At this point, it’s inevitable: The Internet of Things is here to stay, and it’s continuing to evolve the way manufacturers do business. A recent Gartner study projected IoT adoption will nearly triple in the next five years, from 4,902 installed units in 2015 to a projected 20,797 in 2020. Still, manufacturers remain hesitant to jump on the IoT-enabled bandwagon. In an exclusive interview with Manufacturing.net, Sean Riley, global industry director of Software AG’s supply chain and logistics, explains why it’s time to take the leap. Riley describes the process of implementing IoT, setting enablement goals and processing the data when it begins to flow.
Katie Mohr (KM): How do you think the manufacturing industry has embraced the advent of IoT so far, and how will that change in 2016?
Sean Riley (SR): Manufacturing is the industry that brought us cost accounting, so they’re extraordinarily cost-focused. So looking at a new technology or looking at a new type of manner to do business — which is really what IoT is unleashing — causes a little bit of consternation for traditional manufacturers.

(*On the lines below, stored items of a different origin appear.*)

lemma multiset_pigeonhole:
  assumes "finite B" "\<forall>p\<in>#K. f p \<in> B" "card B < size K"
  shows "\<exists>P Q. {#P, Q#} \<subseteq># K \<and> f P = f Q"
proof (rule ccontr)
  assume none: "\<not> ?thesis"
  have pair_subset: "{#P, Q#} \<subseteq># K" if "P \<in># K" "Q \<in># K" "P \<noteq> Q" for P Q
    using that by (simp add: insert_subset_eq_iff in_diff_count)
  have "count K p = 1" if "p \<in># K" for p
  proof (rule ccontr)
    assume "count K p \<noteq> 1"
    moreover have "count K p > 0" using that by simp
    ultimately have "count K p \<ge> 2" by linarith
    then have "{#p, p#} \<subseteq># K" by (simp add: subseteq_mset_def)
    with none show False by blast
  qed
  then have "size K = card (set_mset K)"
    by (simp add: size_multiset_overloaded_eq)
  also have "\<dots> = card (f ` set_mset K)"
    using none pair_subset by (intro card_image[symmetric] inj_onI) blast
  also have "\<dots> \<le> card B" using assms(1,2) by (intro card_mono) auto
  finally show False using assms(3) by simp
qed

section \<open>Points, lines and covering pencils\<close>

definition span1 :: "'a::ring_1 vec3 \<Rightarrow> 'a vec3 set" where
  "span1 x = {smul x r | r. True}"

definition span2 :: "'a::ring_1 vec3 \<Rightarrow> 'a vec3 \<Rightarrow> 'a vec3 set" where
  "span2 x y = {vadd (smul x r) (smul y s) | r s. True}"

definition free1 :: "'a::ring_1 vec3 \<Rightarrow> bool" where
  "free1 x \<longleftrightarrow> (\<forall>r. smul x r = (0, 0, 0) \<longrightarrow> r = 0)"

definition free2 :: "'a::ring_1 vec3 \<Rightarrow> 'a vec3 \<Rightarrow> bool" where
  "free2 x y \<longleftrightarrow> (\<forall>r s. vadd (smul x r) (smul y s) = (0, 0, 0) \<longrightarrow> r = 0 \<and> s = 0)"

lemma hj_point_iff: "hj_point S \<longleftrightarrow> (\<exists>x. S = span1 x \<and> free1 x)"
  unfolding hj_point_def span1_def free1_def ..
lemma block_clique: "clique_in {v \<in> V. block v = w} E"
  unfolding clique_in_def
proof (intro ballI impI)
  fix u v assume u: "u \<in> {v \<in> V. block v = w}" and v: "v \<in> {v \<in> V. block v = w}"
    and "u \<noteq> v"
  consider "u \<in> X" "v \<in> X" | "u \<in> A" "v \<in> A" | "u \<in> X" "v \<in> A" | "u \<in> A" "v \<in> X"
    using u v V_eq by blast
  then show "E u v"
  proof cases
    case 1
    then have "NX u = NX v" using u v block_X cls_eq_iff by auto
    then show ?thesis using twins_adjacent 1 \<open>u \<noteq> v\<close> by blast
  next
    case 2
    then show ?thesis using A_adjacent \<open>u \<noteq> v\<close> by blast
  next
    case 3
    then show ?thesis using u v cls_in block_X block_A by fastforce
  next
    case 4
    then show ?thesis using u v cls_in block_X block_A by fastforce
  qed
qed

lemma graded_incomplete:
  assumes "i \<in> incomplete"
  shows "graded_pair E {v \<in> V. block v = i} {v \<in> V. block v = n_classes + 1 + i}"
proof -
  let ?P = "{v \<in> V. block v = i}" and ?R = "{v \<in> V. block v = n_classes + 1 + i}"
  have "i \<le> n_classes" using assms incomplete_subset by auto
  then have P: "?P \<subseteq> X" using V_eq block_A by fastforce
  have R: "?R \<subseteq> A" using V_eq block_X cls_in by fastforce
  have "NA p \<subseteq> NA p' \<or> NA p' \<subseteq> NA p" if "p \<in> ?P" "p' \<in> ?P" for p p'
  proof (cases "p = p'")
    case False
    have "p \<in> X" "p' \<in> X" using that P by auto
    moreover have "cls p = cls p'" using that block_X[OF \<open>p \<in> X\<close>] block_X[OF \<open>p' \<in> X\<close>] by simp
    ultimately have "NX p = NX p'" using cls_eq_iff by blast
    then have "E p p'" using twins_adjacent False \<open>p \<in> X\<close> \<open>p' \<in> X\<close> by blast
    then show ?thesis using A_nbhds_nested \<open>p \<in> X\<close> \<open>p' \<in> X\<close> by blast
  qed simp
  then show ?thesis
    unfolding graded_pair_def NA_def using P R disjoint by blast
qed

lemma incomplete_witness:
  assumes "i \<in> incomplete"
  obtains p m a where "p \<in> X" "m \<in> X" "a \<in> A" "cls p = i" "cls m = i" "anchor a = i"
    "E p m" "E m a" "\<not> E p a"
proof -
  obtain p a where pa: "p \<in> X" "a \<in> A" "cls p = i" "anchor a = i" "\<not> E p a"
    using assms unfolding incomplete_def by blast
  have "X_nbrs a \<noteq> {}" using pa cls_in[OF pa(1)] unfolding anchor_def by auto
  then have m: "min_X_nbr a \<in> X" "E (min_X_nbr a) a" "cls (min_X_nbr a) = i"
    using min_X_nbr[OF pa(2)] pa(4) unfolding anchor_def by auto
  then have "p \<noteq> min_X_nbr a" using pa(5) by blast
  moreover have "NX p = NX (min_X_nbr a)" using cls_eq_iff pa(1,3) m(1,3) by blast
  ultimately have "E p (min_X_nbr a)" using twins_adjacent pa(1) m(1) by blast
  then show thesis using that pa m by blast
qed

lemma incomplete_clique:
  assumes "i \<in> incomplete" "i' \<in> incomplete" "i \<noteq> i'"
  shows "quot_edge i i'"
proof (rule ccontr)
  assume no_edge: "\<not> quot_edge i i'"
  obtain p m a where i: "p \<in> X" "m \<in> X" "a \<in> A" "cls p = i" "cls m = i" "anchor a = i"
    "E p m" "E m a" "\<not> E p a"
    using incomplete_witness[OF assms(1)] .
  obtain p' m' b where i': "p' \<in> X" "m' \<in> X" "b \<in> A" "cls p' = i'" "cls m' = i'" "anchor b = i'"
    "E p' m'" "E m' b" "\<not> E p' b"
    using incomplete_witness[OF assms(2)] .
  have cross: "\<not> E u v" "u \<noteq> v" if "u \<in> X" "v \<in> X" "cls u = i" "cls v = i'" for u v
    using quot_edge_cls[OF that(1,2)] no_edge that assms(3) by auto
  have not_shared: "\<not> E u c" if "u \<in> X" "w \<in> X" "c \<in> A" "E w c" "\<not> E u w" "u \<noteq> w" for u w c
    using A_nbr_private[OF that(2,1)] that by (simp add: edge_commute)
  txt \<open>Then \<open>p m a b m' p'\<close> is an induced \<open>P\<^sub>6\<close>.\<close>
  have "a \<noteq> b" using i(6) i'(6) assms(3) by auto
  then have "E a b" using A_adjacent i(3) i'(3) by blast
  have "\<not> E p b" "\<not> E m b"
    using not_shared[OF i(1) i'(2,3,8)] cross[OF i(1) i'(2) i(4) i'(5)]
      not_shared[OF i(2) i'(2,3,8)] cross[OF i(2) i'(2) i(5) i'(5)] by blast+
  moreover have "\<not> E a p'" "\<not> E a m'"
    using not_shared[OF i'(1) i(2,3,8)] cross[OF i(2) i'(1) i(5) i'(4)]
      not_shared[OF i'(2) i(2,3,8)] cross[OF i(2) i'(2) i(5) i'(5)]
    by (auto simp: edge_commute)
  moreover have "\<not> E p m'" "\<not> E p p'" "\<not> E m m'" "\<not> E m p'"
    using cross i i' by blast+
  moreover have "\<not> E b p'" using i'(9) by (simp add: edge_commute)
  moreover have "set [p, m, a, b, m', p'] \<subseteq> V" using i i' V_eq by auto
  moreover have "distinct [p, m, a, b, m', p']"
    using cross i i' \<open>a \<noteq> b\<close> disjoint edge_irrefl by auto
  moreover have "E b m'" using i'(8) by (simp add: edge_commute)
  moreover have "E m' p'" using i'(7) by (simp add: edge_commute)
  ultimately show False
    using no_induced_P6[OF P6_free _ _ i(7,8) \<open>E a b\<close>] i(9) by blast
qed

lemma block_edges:
  assumes "u \<noteq> w"
  shows "(basic_edge u w \<and> {u, w} \<notin> matching \<longrightarrow>
           (\<forall>p\<in>V. \<forall>p'\<in>V. block p = u \<longrightarrow> block p' = w \<longrightarrow> E p p')) \<and>
         (\<not> basic_edge u w \<longrightarrow>
           (\<forall>p\<in>V. \<forall>p'\<in>V. block p = u \<longrightarrow> block p' = w \<longrightarrow> \<not> E p p')) \<and>
         ({u, w} \<in> matching \<longrightarrow> graded_pair E {v \<in> V. block v = u} {v \<in> V. block v = w})"
proof (intro conjI impI ballI)
  show "E p p'" if "basic_edge u w \<and> {u, w} \<notin> matching" "p \<in> V" "p' \<in> V"
    "block p = u" "block p' = w" for p p'
    using basic_edge_imp_edge that assms by blast
  show "\<not> E p p'" if "\<not> basic_edge u w" "p \<in> V" "p' \<in> V" "block p = u" "block p' = w" for p p'
    using edge_imp_basic_edge that assms by blast
  assume "{u, w} \<in> matching"
  then obtain i where "i \<in> incomplete" "{u, w} = {i, n_classes + 1 + i}"
    unfolding matching_def by blast
  then show "graded_pair E {v \<in> V. block v = u} {v \<in> V. block v = w}"
    using graded_incomplete graded_pair_sym by (auto simp: doubleton_eq_iff)
qed

theorem basic_C_pair_augmentation:
  "basic_C_pair {1..2 * n_classes + 1} basic_edge n_classes (\<lambda>i. i) (\<lambda>j. n_classes + 1 + j) \<and>
   acceptable basic_edge n_classes (\<lambda>i. i) (\<lambda>j. n_classes + 1 + j) matching \<and>
   augmentation V E {1..2 * n_classes + 1} basic_edge matching"
proof (intro conjI)
  show "basic_C_pair {1..2 * n_classes + 1} basic_edge n_classes (\<lambda>i. i) (\<lambda>j. n_classes + 1 + j)"
    by (rule basic_C_pair_std_edge[OF symp_quot_edge in_C_quot twin_free_quot])
  have "basic_edge i i'" if "i \<in> incomplete" "i' \<in> incomplete" "i \<noteq> i'" for i i'
    using std_edge_X_X incomplete_subset incomplete_clique[OF that] that by blast
  then show "acceptable basic_edge n_classes (\<lambda>i. i) (\<lambda>j. n_classes + 1 + j) matching"
    unfolding acceptable_def matching_def clique_in_def
    using incomplete_subset by (intro exI[of _ incomplete]) auto
  show "augmentation V E {1..2 * n_classes + 1} basic_edge matching"
    unfolding augmentation_def
  proof (intro exI[of _ block] conjI)
    show "\<forall>v\<in>V. block v \<in> {1..2 * n_classes + 1}" using block_in by blast
    show "\<forall>w\<in>{1..2 * n_classes + 1}. clique_in {v \<in> V. block v = w} E" using block_clique by blast
  qed (intro ballI impI block_edges)
qed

This year, I think the fast-adopters are going to really have some verifiable and quantifiable outcomes. The traditional manufacturers still have a wait-and-see approach, which will unfortunately leave an opening for the more inventive companies to grab market share.

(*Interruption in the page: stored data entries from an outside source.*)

lemma one_le_lb_pot:
  assumes "\<not> in_band r l"
  shows "1 \<le> lb_pot a r l"
proof -
  obtain i where i: "i < length l" "l ! i \<notin> {r - 1, r, r + 1}"
    using assms unfolding in_band_def by auto
  have "1 \<le> real_of_int (band_excess r (l ! i))"
    using one_le_band_excess[OF i(2)] by simp
  also have "\<dots> \<le> band_pot r l"
    unfolding band_pot_def using i(1) pos_sq_nonneg
    by (intro member_le_sum) (auto simp: band_excess_def)
  finally show ?thesis using i(1) by (auto simp: lb_pot_def)
qed

lemma prob_lb_hit_unreached:
  assumes "length l = n" "2 \<le> n" "a = real_of_int (sum_list l) / n" "\<bar>real_of_int r - a\<bar> \<le> 1/2"
  shows "measure_pmf.prob (lb_hit r t l) {s. \<not> snd s} \<le> (1 - 1 / (12 * real n))^t * lb_pot a r l"
proof -
  let ?M = "lb_hit r t l"
  have "emeasure ?M {s. \<not> snd s} = (\<integral>\<^sup>+ s. indicator {s. \<not> snd s} s \<partial>?M)"
    by simp
  also have "\<dots> \<le> (\<integral>\<^sup>+ s. ennreal (lb_pot a r (fst s)) \<partial>?M)"
  proof (intro nn_integral_mono_AE, unfold AE_measure_pmf_iff, intro ballI)
    fix s assume "s \<in> set_pmf ?M"
    then have "\<not> snd s \<Longrightarrow> \<not> in_band r (fst s)"
      using lb_hit_invariant assms(1,2) by blast
    then show "indicator {s. \<not> snd s} s \<le> ennreal (lb_pot a r (fst s))"
      using one_le_lb_pot by (cases "snd s") auto
  qed
  also have "\<dots> \<le> ennreal ((1 - 1 / (12 * real n))^t * lb_pot a r l)"
    by (rule nn_integral_lb_hit_lb_pot[OF assms])
  finally show ?thesis
    using assms(2) lb_pot_nonneg
    by (simp add: measure_pmf.emeasure_eq_measure ennreal_le_iff field_simps)
qed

My belief is that every manufacturer is going to be IoT-enabled in some way, shape or form within three to five years, simply because of the competitive differentiation that IoT as part of a larger architecture provides.

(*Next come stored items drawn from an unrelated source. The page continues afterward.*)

theorem mainTheorem6:
  fixes G :: "('a, 'b) monoid_scheme" and Y :: "'a set" and F :: "'a set set"
  assumes "group G"
    and "finite Y" and "Y \<subseteq> carrier G" and "generate G Y = carrier G"
    and "retractive_family G Y F"
  shows "kernel G (product_group F (quotS G Y)) (rho_family G Y F)
           = generate G {q \<in> monic_comm G Y. transverse F (support G Y F q)}"
proof -
  interpret group G by fact
  note Y = assms(3) and gen = assms(4)
  let ?K = "family_kernel G Y F" and ?Tr = "{q \<in> monic_comm G Y. transverse F (support G Y F q)}"
  have ret: "\<forall>S\<in>F. retractive G Y S" using assms(5) unfolding retractive_family_def by blast
  then have "F \<subseteq> Pow Y" unfolding retractive_def by blast
  then have "finite F" by (meson assms(2) finite_Pow_iff finite_subset)
  have K: "subgroup ?K G" using family_kernel_normal[OF Y] normal_imp_subgroup by blast
  have Tr_K: "?Tr \<subseteq> ?K"
    using transverse_monic_comm_in_family_kernel[OF Y] \<open>F \<subseteq> Pow Y\<close> by blast
  then have Tr: "subgroup (generate G ?Tr) G"
    using subgroup.subset[OF K] by (intro generate_is_subgroup) blast
  have "monic_comm G Y \<inter> ?K \<subseteq> generate G ?Tr"
    using family_kernel_nontrivial_transverse_support[OF Y gen ret]
    by (auto intro: generate.one generate.incl)
  then have "?K \<subseteq> generate G ?Tr"
    using family_kernel_subset_generate_monic[OF Y gen \<open>finite F\<close> ret] generate_subgroup_incl[OF _ Tr]
    by blast
  moreover have "generate G ?Tr \<subseteq> ?K" using generate_subgroup_incl[OF Tr_K K] .
  ultimately show ?thesis using kernel_rho_family[OF Y] by blast
qed

end
(* Let $m\in\mathbb{N}$, let $\mathbb{R}^m$ carry a norm, let $\mathcal{Y}\subseteq\mathbb{R}^m$ be bounded and let $\mathfrak{C}$ be a simplicial cover of $\mathcal{Y}$. Let $\{g_{\boldsymbol{v}}:\boldsymbol{v}\in V(\mathfrak{C})\}$ be the barycentric vertex interpolation function set for $\mathfrak{C}$, let $\{g_1,\ldots,g_k\}$ be obtained by removing one function from it, and let $\boldsymbol{g}:\mathcal{Y}\to\mathbb{R}^k$, $\boldsymbol{g}(\boldsymbol{x}):=(g_1(\boldsymbol{x}),\ldots,g_k(\boldsymbol{x}))^\top$. Assume $\operatorname{int}(\mathcal{Y})\cap\operatorname{int}(C)\ne\emptyset$ for all $C\in\mathfrak{C}$. Then there exist $\boldsymbol{x}_1,\ldots,\boldsymbol{x}_{k+1}\in\mathcal{Y}$ such that $\boldsymbol{g}(\boldsymbol{x}_1),\ldots,\boldsymbol{g}(\boldsymbol{x}_{k+1})$ are affinely independent.
   Context: Faces: a convex $C'\subseteq C$ is a face of convex $C$ if $\lambda x_1+(1-\lambda)x_2\in C'$ ($0<\lambda<1$, $x_1,x_2\in C$) implies $x_1,x_2\in C'$; $V(C)$ is the set of extreme points. A simplicial cover of a bounded $\mathcal{Y}\subseteq\mathbb{R}^m$ is a finite collection $\mathfrak{C}$ of $m$-simplices whose union contains $\mathcal{Y}$ such that any two members with non-empty intersection intersect in a face of both. $\mathfrak{F}(\mathfrak{C})$: non-empty faces of members; $V(\mathfrak{C}):=\bigcup_{C}V(C)$. Every point $\boldsymbol{x}\in\bigcup_{C\in\mathfrak{C}}C$ lies in $\operatorname{relint}(F)$ for a unique $F\in\mathfrak{F}(\mathfrak{C})$ and has a unique representation $\boldsymbol{x}=\sum_{\boldsymbol{w}\in V(F)}\lambda^F_{\boldsymbol{w}}(\boldsymbol{x})\boldsymbol{w}$ with positive weights summing to $1$; the barycentric vertex interpolation function set is defined by $g_{\boldsymbol{v}}(\boldsymbol{x}):=\lambda^F_{\boldsymbol{v}}(\boldsymbol{x})$ if $\boldsymbol{v}\in V(F)$ and $g_{\boldsymbol{v}}(\boldsymbol{x}):=0$ otherwise, for $\boldsymbol{v}\in V(\mathfrak{C})$. *)

theory Defs
  imports "HOL-Analysis.Analysis"
begin

definition simplicial_cover :: "'a::euclidean_space set set \<Rightarrow> 'a set \<Rightarrow> bool" where
  "simplicial_cover CC Y \<longleftrightarrow>
     finite CC \<and> (\<forall>C\<in>CC. int DIM('a) simplex C) \<and> Y \<subseteq> \<Union>CC \<and>
     (\<forall>C\<in>CC. \<forall>D\<in>CC. C \<inter> D \<noteq> {} \<longrightarrow> (C \<inter> D) face_of C \<and> (C \<inter> D) face_of D)"

definition cover_faces :: "'a::euclidean_space set set \<Rightarrow> 'a set set" where
  "cover_faces CC = {F. F \<noteq> {} \<and> (\<exists>C\<in>CC. F face_of C)}"

definition extreme_points :: "'a::real_vector set \<Rightarrow> 'a set" where
  "extreme_points C = {v. v extreme_point_of C}"

definition cover_vertices :: "'a::euclidean_space set set \<Rightarrow> 'a set" where
  "cover_vertices CC = (\<Union>C\<in>CC. extreme_points C)"

text \<open>The barycentric vertex interpolation function g_v: for x, take the unique
  face F of the cover with x in relint F and the unique positive barycentric weights
  of x w.r.t. V(F); g_v(x) is the weight of v if v is a vertex of F, else 0.
  (The weight function is normalized to be 0 off V(F), so the value at v is
  exactly as in the paper.)\<close>
definition bary_interp :: "'a::euclidean_space set set \<Rightarrow> 'a \<Rightarrow> 'a \<Rightarrow> real" where
  "bary_interp CC v x =
     (let F = (THE F. F \<in> cover_faces CC \<and> x \<in> rel_interior F);
          lam = (THE lam. (\<forall>w\<in>extreme_points F. lam w > 0) \<and>
                          (\<forall>w. w \<notin> extreme_points F \<longrightarrow> lam w = 0) \<and>
                          (\<Sum>w\<in>extreme_points F. lam w) = 1 \<and>
                          (\<Sum>w\<in>extreme_points F. lam w *\<^sub>R w) = x)
      in lam v)"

KM: What steps should manufacturers take before implementing IoT?
SR: They need to determine the objective of IoT enablement first. Is it cost and efficiency, uptime of maintenance equipment or plant equipment? Is it differentiated products? You need to focus on what falls in with your current strategy right away with the understanding of where you want to be in three to five years as a company.
After they’ve determined an objective, they need to plan out how to make that happen, which can be ridiculously complex. The plan needs to include ways to be scalable and flexible as well as determine the amount of data captured and analyzed. Take a long hard look at how to inherently build in flexibility so you don’t have to continue to buy application stacks for different use cases.
KM: How long can IoT implementation take?
SR: It really depends on how far the manufacturer wants to go. If a manufacturer wants basic predictive maintenance on either their own equipment or customer-located equipment, then you’re talking about a six to 10 month process.
But if you’re looking to begin a journey that starts with predictive maintenance and ends with a fully functioning data source that covers predictive maintenance, energy management, optimizing production lines and product development, then you’re talking multiple years because it’s building block after building block.
Once you get the data flowing, that’s step one. The next question is considering what to do with the data, and that’s where the majority of the work comes in — choosing what you want to analyze the data for.
KM: What concerns are IoT-enabled companies facing?
SR: Security is a primary concern. Intellectual property protection should be of paramount importance to any manufacturer. I think in the very near future, criminals will attack manufacturers because they’ll realize there’s this huge treasure trove of personnel data that they might be able to get at by using a back-end IoT fabricated sensor.
Secondly, manufacturers need to determine what to do with the data and that has a lot of CIOs scratching their heads wondering if they’ll end up drowning in data or if they’ll be able to find and identify those important nuggets of data.
Companies still have the option to take as much data in as they want but can have a massive amount of filtering done at the edge with IoT architectures.
KM: Can you offer any tips on how manufacturers should make those data decisions?
SR: Firstly, begin performing historical analysis to leverage predictive data models as soon as possible. That will help you understand exactly what data is relevant and needed for prediction. Secondly, when bringing IoT sensors online, ensure there is the ability to do continuous analysis of real-time data.
Set rules to understand when products are out of specification and collect only the portions of data that are relevant to either the condition monitoring or predictive monitoring. Manufacturers need to bring in only enough data for proper analysis to identify when exceptions might occur but not so much data that they are drowning in it.
KM: How can manufacturers best utilize the data gathered through IoT sensors?
SR: Manufacturers can benefit from the information IoT provides in a number of ways. For instance, you can improve field service offerings through predictive maintenance program, which increases customer satisfaction. It also allows you to convert your business model from a sell-and-service type of model to an outcomes-based model. You can take the first-hand data about how the customer is actually using the product and parse it to share with marketing, engineering and product development so they are adding and making features more robust that their customers really want.
Then they’ll be able to send that information over to sales and sales will be able to understand if they sold the right product to this customer. Are they overutilizing it, are they underutilizing it? Is this set up correctly? Do I have the opportunity to cross-sell a different product to this customer based on their actual usage data? You can also examine the warranty claims around the product based on actual data.
And lastly, manufacturers will be able to understand how to provide value-added service through third parties. You’ll be able to own the data and have an outsourced service arm that you can control from a quality standpoint and provide them with the ability to give differentiated service.
It’s really a structural change in how that manufacturer is going to do business.